lemma trace_projector: "trace (projector \<psi>) = of_real ((norm \<psi>)\<^sup>2)"
proof -
  have "trace (projector \<psi>) = (\<Sum>i\<in>UNIV. of_real ((norm (\<psi> $ i))\<^sup>2))"
    unfolding trace_def projector_def by (simp only: vec_lambda_beta complex_norm_square)
  also have "\<dots> = of_real ((norm \<psi>)\<^sup>2)"
    by (simp add: inner_vec_def power2_norm_eq_inner)
  finally show ?thesis .
qed

lemma projector_in_density_ops:
  assumes "norm \<psi> = 1"
  shows "projector \<psi> \<in> density_ops"
proof -
  have "hermitian (projector \<psi>)"
    by (simp add: hermitian_iff projector_def mult.commute)
  moreover have "0 \<le> Re (quad_form (projector \<psi>) x)" for x
    by (simp add: quad_form_projector)
  ultimately show ?thesis
    by (simp add: density_ops_iff trace_projector assms)
qed

lemma pure_states_subset_density_ops: "pure_states \<subseteq> density_ops"
  by (auto simp: pure_states_eq projector_in_density_ops)

lemma quad_form_scaleR: "quad_form B (r *\<^sub>R x) = of_real (r\<^sup>2) * quad_form B x"
proof -
  have "(r *\<^sub>R x) $ i = of_real r * x $ i" for i
    by (simp only: vector_scaleR_component) (simp only: scaleR_conv_of_real)
  then show ?thesis
    by (simp add: quad_form_def matrix_vector_mult_def sum_distrib_left power2_eq_square mult_ac)
qed

lemma matrix_vector_mult_axis: "(B *v axis i c) $ k = B $ k $ i * c"
  by (simp add: matrix_vector_mult_def axis_def if_distrib[of "(*) _"] cong: if_cong)

lemma sum_cnj_axis_mult: "(\<Sum>k\<in>UNIV. cnj (axis i c $ k) * f k) = cnj c * f i"
proof -
  have "cnj (axis i c $ k) * f k = (if k = i then cnj c * f i else 0)" for k
    by (simp add: axis_def)
  then show ?thesis by simp
qed

lemma quad_form_axis: "quad_form B (axis i 1) = B $ i $ i"
  by (simp add: quad_form_def sum_cnj_axis_mult matrix_vector_mult_axis)

lemma quad_form_axis_add:
  "quad_form B (axis i 1 + axis j \<beta>)
     = B $ i $ i + \<beta> * B $ i $ j + cnj \<beta> * B $ j $ i + cnj \<beta> * \<beta> * B $ j $ j"
  by (simp add: quad_form_def matrix_vector_right_distrib distrib_left distrib_right sum.distrib
      sum_cnj_axis_mult) (simp add: matrix_vector_mult_axis mult_ac)

lemma norm_axis_add:
  assumes "i \<noteq> j"
  shows "(norm (axis i 1 + axis j (\<beta>::complex)))\<^sup>2 = 1 + (norm \<beta>)\<^sup>2"
  using assms by (simp add: power2_norm_eq_inner inner_add_left inner_add_right inner_axis_axis)

lemma norm_axis_complex_1 [simp]: "norm (axis i (1::complex)) = 1"
  by (simp add: norm_eq_1 inner_axis_axis)

lemma hermitian_eq_scalar_if_quad_form_const:
  fixes B :: "complex^'n^'n"
  assumes herm: "hermitian B" and const: "\<And>x. norm x = 1 \<Longrightarrow> Re (quad_form B x) = c"
  shows "B = c *\<^sub>R mat 1"
proof -
  have hom: "Re (quad_form B x) = c * (norm x)\<^sup>2" for x
  proof (cases "x = 0")
    case True
    then show ?thesis by (simp add: quad_form_def)
  next
    case False
    define u where "u = (1 / norm x) *\<^sub>R x"
    have "x = norm x *\<^sub>R u" using False by (simp add: u_def)
    then have "quad_form B x = of_real ((norm x)\<^sup>2) * quad_form B u" by (metis quad_form_scaleR)
    moreover have "norm u = 1" using False by (simp add: u_def)
    ultimately show ?thesis using const by simp
  qed
  have conj: "B $ j $ i = cnj (B $ i $ j)" for i j
    using herm unfolding hermitian_iff by blast
  have diag: "B $ i $ i = of_real c" for i
  proof (rule complex_eqI)
    show "Re (B $ i $ i) = Re (of_real c)"
      using hom[of "axis i 1"] by (simp add: quad_form_axis)
    have "Im (B $ i $ i) = - Im (B $ i $ i)"
      using arg_cong[OF conj[of i i], of Im] by simp
    then show "Im (B $ i $ i) = Im (of_real c)" by simp
  qed
  have off: "B $ i $ j = 0" if "i \<noteq> j" for i j
  proof -
    have "Re (\<beta> * B $ i $ j) = 0" for \<beta>
    proof -
      have norm_sq: "cnj \<beta> * \<beta> = of_real ((norm \<beta>)\<^sup>2)"
        by (metis complex_norm_square mult.commute)
      have "Re (quad_form B (axis i 1 + axis j \<beta>)) = c + 2 * Re (\<beta> * B $ i $ j) + (norm \<beta>)\<^sup>2 * c"
        unfolding quad_form_axis_add diag conj[of i j] norm_sq by simp
      moreover have "Re (quad_form B (axis i 1 + axis j \<beta>)) = c * (1 + (norm \<beta>)\<^sup>2)"
        using hom norm_axis_add[OF that] by simp
      ultimately show ?thesis by (simp add: algebra_simps)
    qed
    from this[of 1] this[of \<i>] show ?thesis by (simp add: complex_eq_iff)
  qed
  show ?thesis
    unfolding vec_eq_iff mat_def by (simp add: diag off of_real_def)
qed

lemma trace_scaleR: "trace (r *\<^sub>R A) = r *\<^sub>R trace (A :: 'a::real_algebra_1^'n^'n)"
  by (simp add: trace_def scaleR_sum_right)

lemma linear_Re_trace_mult: "linear (\<lambda>A. Re (trace (\<Gamma> ** A)))"
  for \<Gamma> :: "complex^'n^'n"
  by (rule linearI)
     (simp_all add: matrix_add_ldistrib trace_add matrix_scalar_ac scalar_matrix_assoc[symmetric] trace_scaleR)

◆ ◆ ◆ ◆

What you have to do: Everything in the data should be copied exactly. Leave nothing out.

Response below:
lemma trace_projector: "trace (projector \<psi>) = of_real ((norm \<psi>)\<^sup>2)"
proof -
  have "trace (projector \<psi>) = (\<Sum>i\<in>UNIV. of_real ((norm (\<psi> $ i))\<^sup>2))"
    unfolding trace_def projector_def by (simp only: vec_lambda_beta complex_norm_square)
  also have "\<dots> = of_real ((norm \<psi>)\<^sup>2)"
    by (simp add: inner_vec_def power2_norm_eq_inner)
  finally show ?thesis .
qed

lemma projector_in_density_ops:
  assumes "norm \<psi> = 1"
  shows "projector \<psi> \<in> density_ops"
proof -
  have "hermitian (projector \<psi>)"
    by (simp add: hermitian_iff projector_def mult.commute)
  moreover have "0 \<le> Re (quad_form (projector \<psi>) x)" for x
    by (simp add: quad_form_projector)
  ultimately show ?thesis
    by (simp add: density_ops_iff trace_projector assms)
qed

lemma pure_states_subset_density_ops: "pure_states \<subseteq> density_ops"
  by (auto simp: pure_states_eq projector_in_density_ops)

lemma quad_form_scaleR: "quad_form B (r *\<^sub>R x) = of_real (r\<^sup>2) * quad_form B x"
proof -
  have "(r *\<^sub>R x) $ i = of_real r * x $ i" for i
    by (simp only: vector_scaleR_component) (simp only: scaleR_conv_of_real)
  then show ?thesis
    by (simp add: quad_form_def matrix_vector_mult_def sum_distrib_left power2_eq_square mult_ac)
qed

lemma matrix_vector_mult_axis: "(B *v axis i c) $ k = B $ k $ i * c"
  by (simp add: matrix_vector_mult_def axis_def if_distrib[of "(*) _"] cong: if_cong)

lemma sum_cnj_axis_mult: "(\<Sum>k\<in>UNIV. cnj (axis i c $ k) * f k) = cnj c * f i"
proof -
  have "cnj (axis i c $ k) * f k = (if k = i then cnj c * f i else 0)" for k
    by (simp add: axis_def)
  then show ?thesis by simp
qed

lemma quad_form_axis: "quad_form B (axis i 1) = B $ i $ i"
  by (simp add: quad_form_def sum_cnj_axis_mult matrix_vector_mult_axis)

lemma quad_form_axis_add:
  "quad_form B (axis i 1 + axis j \<beta>)
     = B $ i $ i + \<beta> * B $ i $ j + cnj \<beta> * B $ j $ i + cnj \<beta> * \<beta> * B $ j $ j"
  by (simp add: quad_form_def matrix_vector_right_distrib distrib_left distrib_right sum.distrib
      sum_cnj_axis_mult) (simp add: matrix_vector_mult_axis mult_ac)

lemma norm_axis_add:
  assumes "i \<noteq> j"
  shows "(norm (axis i 1 + axis j (\<beta>::complex)))\<^sup>2 = 1 + (norm \<beta>)\<^sup>2"
  using assms by (simp add: power2_norm_eq_inner inner_add_left inner_add_right inner_axis_axis)

lemma norm_axis_complex_1 [simp]: "norm (axis i (1::complex)) = 1"
  by (simp add: norm_eq_1 inner_axis_axis)

lemma hermitian_eq_scalar_if_quad_form_const:
  fixes B :: "complex^'n^'n"
  assumes herm: "hermitian B" and const: "\<And>x. norm x = 1 \<Longrightarrow> Re (quad_form B x) = c"
  shows "B = c *\<^sub>R mat 1"
proof -
  have hom: "Re (quad_form B x) = c * (norm x)\<^sup>2" for x
  proof (cases "x = 0")
    case True
    then show ?thesis by (simp add: quad_form_def)
  next
    case False
    define u where "u = (1 / norm x) *\<^sub>R x"
    have "x = norm x *\<^sub>R u" using False by (simp add: u_def)
    then have "quad_form B x = of_real ((norm x)\<^sup>2) * quad_form B u" by (metis quad_form_scaleR)
    moreover have "norm u = 1" using False by (simp add: u_def)
    ultimately show ?thesis using const by simp
  qed
  have conj: "B $ j $ i = cnj (B $ i $ j)" for i j
    using herm unfolding hermitian_iff by blast
  have diag: "B $ i $ i = of_real c" for i
  proof (rule complex_eqI)
    show "Re (B $ i $ i) = Re (of_real c)"
      using hom[of "axis i 1"] by (simp add: quad_form_axis)
    have "Im (B $ i $ i) = - Im (B $ i $ i)"
      using arg_cong[OF conj[of i i], of Im] by simp
    then show "Im (B $ i $ i) = Im (of_real c)" by simp
  qed
  have off: "B $ i $ j = 0" if "i \<noteq> j" for i j
  proof -
    have "Re (\<beta> * B $ i $ j) = 0" for \<beta>
    proof -
      have norm_sq: "cnj \<beta> * \<beta> = of_real ((norm \<beta>)\<^sup>2)"
        by (metis complex_norm_square mult.commute)
      have "Re (quad_form B (axis i 1 + axis j \<beta>)) = c + 2 * Re (\<beta> * B $ i $ j) + (norm \<beta>)\<^sup>2 * c"
        unfolding quad_form_axis_add diag conj[of i j] norm_sq by simp
      moreover have "Re (quad_form B (axis i 1 + axis j \<beta>)) = c * (1 + (norm \<beta>)\<^sup>2)"
        using hom norm_axis_add[OF that] by simp
      ultimately show ?thesis by (simp add: algebra_simps)
    qed
    from this[of 1] this[of \<i>] show ?thesis by (simp add: complex_eq_iff)
  qed
  show ?thesis
    unfolding vec_eq_iff mat_def by (simp add: diag off of_real_def)
qed

lemma trace_scaleR: "trace (r *\<^sub>R A) = r *\<^sub>R trace (A :: 'a::real_algebra_1^'n^'n)"
  by (simp add: trace_def scaleR_sum_right)

lemma linear_Re_trace_mult: "linear (\<lambda>A. Re (trace (\<Gamma> ** A)))"
  for \<Gamma> :: "complex^'n^'n"
  by (rule linearI)
     (simp_all add: matrix_add_ldistrib trace_add matrix_scalar_ac scalar_matrix_assoc[symmetric] trace_scaleR)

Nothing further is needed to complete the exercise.